DATA FOR REVIEW ::
■ ■ ■ ■
(* The same identities differentiated j times (via the Leibniz rule above). *)
lemma legendre_der_identities:
  "t * poly (legendre_der (Suc j) (Suc k)) t + real j * poly (legendre_der j (Suc k)) t
     - poly (legendre_der (Suc j) k) t = (real k + 1) * poly (legendre_der j (Suc k)) t"
  "poly (legendre_der (Suc j) (Suc k)) t - t * poly (legendre_der (Suc j) k) t
     - real j * poly (legendre_der j k) t = (real k + 1) * poly (legendre_der j k) t"
proof -
  have "poly ([:0, 1:] * pderiv (legendre (Suc k)) - pderiv (legendre k))
      = poly (smult (real k + 1) (legendre (Suc k)))"
   and "poly (pderiv (legendre (Suc k)) - [:0, 1:] * pderiv (legendre k))
      = poly (smult (real k + 1) (legendre k))"
    using legendre_pderiv_identities[of k] by auto
  then have "[:0, 1:] * pderiv (legendre (Suc k)) - pderiv (legendre k)
      = smult (real k + 1) (legendre (Suc k))"
   and "pderiv (legendre (Suc k)) - [:0, 1:] * pderiv (legendre k)
      = smult (real k + 1) (legendre k)"
    unfolding poly_eq_poly_eq_iff .
  then have "(pderiv ^^ j) ([:0, 1:] * pderiv (legendre (Suc k)) - pderiv (legendre k))
      = (pderiv ^^ j) (smult (real k + 1) (legendre (Suc k)))"
   and "(pderiv ^^ j) (pderiv (legendre (Suc k)) - [:0, 1:] * pderiv (legendre k))
      = (pderiv ^^ j) (smult (real k + 1) (legendre k))"
    by simp_all
  then show "t * poly (legendre_der (Suc j) (Suc k)) t + real j * poly (legendre_der j (Suc k)) t
     - poly (legendre_der (Suc j) k) t = (real k + 1) * poly (legendre_der j (Suc k)) t"
   and "poly (legendre_der (Suc j) (Suc k)) t - t * poly (legendre_der (Suc j) k) t
     - real j * poly (legendre_der j k) t = (real k + 1) * poly (legendre_der j k) t"
    unfolding higher_pderiv_diff higher_pderiv_X_mult_pderiv higher_pderiv_smult
    by (simp_all del: funpow.simps add: funpow_Suc_right poly_eq_poly_eq_iff[symmetric] fun_eq_iff
        algebra_simps)
qed

(* The combination of both that governs the x0-derivative of the functions G^j_{k+1} below:
   (k+1-j) t P_{k+1}^{(j)} + (1-t^2) P_{k+1}^{(j+1)} = (k+1+j) P_k^{(j)}. *)
lemma legendre_der_mixed:
  "(real (Suc k) - real j) * t * poly (legendre_der j (Suc k)) t
     + (1 - t\<^sup>2) * poly (legendre_der (Suc j) (Suc k)) t
   = (real (Suc k) + real j) * poly (legendre_der j k) t"
proof -
  define a b c d where "a = poly (legendre_der (Suc j) (Suc k)) t"
    and "b = poly (legendre_der j (Suc k)) t" and "c = poly (legendre_der (Suc j) k) t"
    and "d = poly (legendre_der j k) t"
  have "t * a + real j * b - c = (real k + 1) * b" "a - t * c - real j * d = (real k + 1) * d"
    unfolding a_def b_def c_def d_def by (rule legendre_der_identities)+
  then have "(real (Suc k) - real j) * t * b + (1 - t\<^sup>2) * a = (real (Suc k) + real j) * d"
    by (simp add: algebra_simps power2_eq_square) algebra
  then show ?thesis unfolding a_def b_def d_def .
qed

(* The three-term relation behind  2m G^m_{n+1} = (x1^2+x2^2) G^{m+1}_n + (n+1+m)(n+m) G^{m-1}_n. *)
lemma legendre_der_three_term:
  assumes "1 \<le> m" "m \<le> Suc n"
  shows "2 * real m * poly (legendre_der m (Suc n)) t - (1 - t\<^sup>2) * poly (legendre_der (Suc m) n) t
       = (real (Suc n) + real m) * (real n + real m) * poly (legendre_der (m - 1) n) t"
proof -
  obtain j where m: "m = Suc j" using assms(1) by (cases m) auto
  have I: "poly (legendre_der (Suc j) (Suc n)) t - t * poly (legendre_der (Suc j) n) t
     - real j * poly (legendre_der j n) t = (real n + 1) * poly (legendre_der j n) t"
    by (rule legendre_der_identities)
  show ?thesis
  proof (cases n)
    case 0
    then have "j = 0" using assms m by simp
    with I show ?thesis unfolding m 0 by (simp add: legendre_der_eq_0)
  next
    case (Suc i)
    define a b c d e where "a = poly (legendre_der (Suc j) (Suc (Suc i))) t"
      and "b = poly (legendre_der (Suc j) (Suc i)) t" and "c = poly (legendre_der j (Suc i)) t"
      and "d = poly (legendre_der (Suc (Suc j)) (Suc i)) t" and "e = poly (legendre_der (Suc j) i) t"
    have "a - t * b - real j * c = (real i + 2) * c"
      using I unfolding Suc a_def b_def c_def by simp
    moreover have "(real i - real j) * t * b + (1 - t\<^sup>2) * d = (real i + real j + 2) * e"
      using legendre_der_mixed[of i "Suc j" t] unfolding b_def d_def e_def by simp
    moreover have "t * b + real j * c - e = (real i + 1) * c"
      unfolding b_def c_def e_def by (rule legendre_der_identities)
    ultimately have "2 * (real j + 1) * a - (1 - t\<^sup>2) * d = (real i + real j + 3) * (real i + real j + 2) * c"
      by algebra
    then show ?thesis unfolding m Suc a_def c_def d_def by (simp add: algebra_simps)
  qed
qed

(* Real and imaginary parts of (a + i b)^l: the Cartesian form of r^l sin^l theta1 T_l(cos theta2)
   and of r^l sin^l theta1 sin theta2 U_{l-1}(cos theta2). *)
definition cpow_re :: "nat \<Rightarrow> real \<Rightarrow> real \<Rightarrow> real" where
  "cpow_re l a b = Re (Complex a b ^ l)"

definition cpow_im :: "nat \<Rightarrow> real \<Rightarrow> real \<Rightarrow> real" where
  "cpow_im l a b = Im (Complex a b ^ l)"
■ ■ ■ ■
EXERCISE REQUIREMENTS :: Show, from the records above, every line that includes "lemma".

ANSWER BELOW ::
lemma legendre_der_identities:
lemma legendre_der_mixed:
lemma legendre_der_three_term:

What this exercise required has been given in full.